_TASK REQUIREMENTS_.
Please copy exactly every line from the one that contains "l. strict_mono r" to the end of the data below, with both ends included and no other lines.

[DATA IN THIS EXERCISE — start]

lemma bounded_coordinates_convergent_subseq:
  fixes X :: "nat \<Rightarrow> nat \<Rightarrow> real"
  assumes "finite I" "\<And>k i. i \<in> I \<Longrightarrow> \<bar>X k i\<bar> \<le> C"
  shows "\<exists>r l. strict_mono r \<and> (\<forall>i\<in>I. (\<lambda>k. X (r k) i) \<longlonglongrightarrow> l i)"
proof -
  have "bounded ((\<lambda>x. x i) ` range X)" if "i \<in> I" for i
    using assms(2)[OF that] by (intro boundedI[of _ C]) auto
  then have "\<forall>d\<subseteq>I. \<exists>l::rvec. \<exists>r. strict_mono r \<and>
      (\<forall>\<epsilon>>0. eventually (\<lambda>k. \<forall>i\<in>d. dist (X (r k) i) (l i) < \<epsilon>) sequentially)"
    by (intro compact_lemma_general[where proj = "\<lambda>x i. x i" and unproj = id]) (auto simp: assms(1))
  from this[rule_format, OF subset_refl]
  obtain l r where r: "strict_mono r" and
      close: "\<forall>\<epsilon>>0. eventually (\<lambda>k. \<forall>i\<in>I. dist (X (r k) i) (l i) < \<epsilon>) sequentially"
    by blast
  have "(\<lambda>k. X (r k) i) \<longlonglongrightarrow> l i" if "i \<in> I" for i
  proof (rule tendstoI)
    fix \<epsilon> :: real
    assume "\<epsilon> > 0"
    have "eventually (\<lambda>k. \<forall>i\<in>I. dist (X (r k) i) (l i) < \<epsilon>) sequentially"
      using close \<open>\<epsilon> > 0\<close> by blast
    then show "eventually (\<lambda>k. dist (X (r k) i) (l i) < \<epsilon>) sequentially"
      by (rule eventually_mono) (use that in blast)
  qed
  with r show ?thesis
    by blast
qed

section \<open>The penalised fit\<close>

lemma mvmult_split: "mvmult (n+3) P x i = P i 0 * x 0 + (\<Sum>j\<le>n. P i (Suc j) * x (Suc j)) + P i (n+2) * x (n+2)"
  unfolding mvmult_def by (rule sum_split_ends)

[DATA IN THIS EXERCISE — finish]

_YOUR RESPONSE_.
  shows "\<exists>r l. strict_mono r \<and> (\<forall>i\<in>I. (\<lambda>k. X (r k) i) \<longlonglongrightarrow> l i)"
proof -
  have "bounded ((\<lambda>x. x i) ` range X)" if "i \<in> I" for i
    using assms(2)[OF that] by (intro boundedI[of _ C]) auto
  then have "\<forall>d\<subseteq>I. \<exists>l::rvec. \<exists>r. strict_mono r \<and>
      (\<forall>\<epsilon>>0. eventually (\<lambda>k. \<forall>i\<in>d. dist (X (r k) i) (l i) < \<epsilon>) sequentially)"
    by (intro compact_lemma_general[where proj = "\<lambda>x i. x i" and unproj = id]) (auto simp: assms(1))
  from this[rule_format, OF subset_refl]
  obtain l r where r: "strict_mono r" and
      close: "\<forall>\<epsilon>>0. eventually (\<lambda>k. \<forall>i\<in>I. dist (X (r k) i) (l i) < \<epsilon>) sequentially"
    by blast
  have "(\<lambda>k. X (r k) i) \<longlonglongrightarrow> l i" if "i \<in> I" for i
  proof (rule tendstoI)
    fix \<epsilon> :: real
    assume "\<epsilon> > 0"
    have "eventually (\<lambda>k. \<forall>i\<in>I. dist (X (r k) i) (l i) < \<epsilon>) sequentially"
      using close \<open>\<epsilon> > 0\<close> by blast
    then show "eventually (\<lambda>k. dist (X (r k) i) (l i) < \<epsilon>) sequentially"
      by (rule eventually_mono) (use that in blast)
  qed
  with r show ?thesis
    by blast
qed

section \<open>The penalised fit\<close>

lemma mvmult_split: "mvmult (n+3) P x i = P i 0 * x 0 + (\<Sum>j\<le>n. P i (Suc j) * x (Suc j)) + P i (n+2) * x (n+2)"
  unfolding mvmult_def by (rule sum_split_ends)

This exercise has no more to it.